Fourth-order variational inequalities are encountered in various scientific and engineering disciplines, including elliptic optimal control problems and plate obstacle problems. In this paper, we consider additive Schwarz methods for solving fourth-order variational inequalities. Based on a unified framework of various finite element methods for fourth-order variational inequalities, we develop one- and two-level additive Schwarz methods. We prove that the two-level method is scalable in the sense that the convergence rate of the method depends on $H/h$ and $H/\delta$ only, where $h$ and $H$ are the typical diameters of an element and a subdomain, respectively, and $\delta$ measures the overlap among the subdomains. This proof relies on a new nonlinear positivity-preserving coarse interpolation operator, the construction of which was previously unknown. To the best of our knowledge, this analysis represents the first investigation into the scalability of the two-level additive Schwarz method for fourth-order variational inequalities. Our theoretical results are verified by numerical experiments.

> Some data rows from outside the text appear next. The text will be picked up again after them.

locale decorated_path_graph =
  fixes n :: nat and Gs :: "nat \<Rightarrow> 'a graph" and r :: "nat \<Rightarrow> 'a"
  assumes simple: "\<And>i. i \<in> {1..n} \<Longrightarrow> simple_graph (Gs i)"
    and root: "\<And>i. i \<in> {1..n} \<Longrightarrow> r i \<in> verts (Gs i)"
    and disjoint: "\<And>i j. i \<in> {1..n} \<Longrightarrow> j \<in> {1..n} \<Longrightarrow> i \<noteq> j \<Longrightarrow>
      verts (Gs i) \<inter> verts (Gs j) = {}"
begin

abbreviation G :: "'a graph" where
  "G \<equiv> decorated_path n Gs r"

lemma mem_edges_decorated_path:
  "e \<in> edges G \<longleftrightarrow> (\<exists>i\<in>{1..n}. e \<in> edges (Gs i)) \<or> (\<exists>i. 1 \<le> i \<and> i < n \<and> e = {r i, r (Suc i)})"
  by (auto simp: decorated_path_def edges_def)

lemma block_unique: "i \<in> {1..n} \<Longrightarrow> j \<in> {1..n} \<Longrightarrow> x \<in> verts (Gs i) \<Longrightarrow> x \<in> verts (Gs j) \<Longrightarrow> i = j"
  using disjoint by blast

lemma edge_subset_block: "i \<in> {1..n} \<Longrightarrow> e \<in> edges (Gs i) \<Longrightarrow> e \<subseteq> verts (Gs i)"
  using simple by (auto simp: simple_graph_def)

lemma edge_within_block_iff:
  assumes i: "i \<in> {1..n}" and xy: "x \<in> verts (Gs i)" "y \<in> verts (Gs i)"
  shows "{x, y} \<in> edges G \<longleftrightarrow> {x, y} \<in> edges (Gs i)"
proof
  assume "{x, y} \<in> edges G"
  then consider j where "j \<in> {1..n}" "{x, y} \<in> edges (Gs j)"
    | j where "1 \<le> j" "j < n" "{x, y} = {r j, r (Suc j)}"
    unfolding mem_edges_decorated_path by blast
  then show "{x, y} \<in> edges (Gs i)"
  proof cases
    case 1
    then show ?thesis using i xy edge_subset_block block_unique by blast
  next
    case 2
    have j: "j \<in> {1..n}" "Suc j \<in> {1..n}" using 2 by auto
    have "r j \<in> verts (Gs i)" "r (Suc j) \<in> verts (Gs i)"
      using 2(3) xy by (auto simp: doubleton_eq_iff)
    then have "j = i" "Suc j = i"
      using block_unique[OF j(1) i] block_unique[OF j(2) i] root[OF j(1)] root[OF j(2)] by auto
    then show ?thesis by simp
  qed
qed (use i in \<open>auto simp: mem_edges_decorated_path\<close>)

翻译：四阶变分不等式出现在各类科学与工程学科中，包括椭圆最优控制问题和板障碍问题。本文研究求解四阶变分不等式的加性Schwarz方法。基于处理四阶变分不等式的多种有限元方法的统一框架，我们发展了一级和两级加性Schwarz方法。我们证明了两级方法具有可扩展性，即该方法的收敛速度仅依赖于$H/h$和$H/\delta$，其中$h$和$H$分别为单元和子域的典型直径，$\delta$衡量子域间的重叠程度。该证明依赖于一个全新的非线性保正值粗网格插值算子，其构造此前尚属未知。据我们所知，该分析是首次对求解四阶变分不等式的两级加性Schwarz方法可扩展性的研究。数值实验验证了我们的理论结果。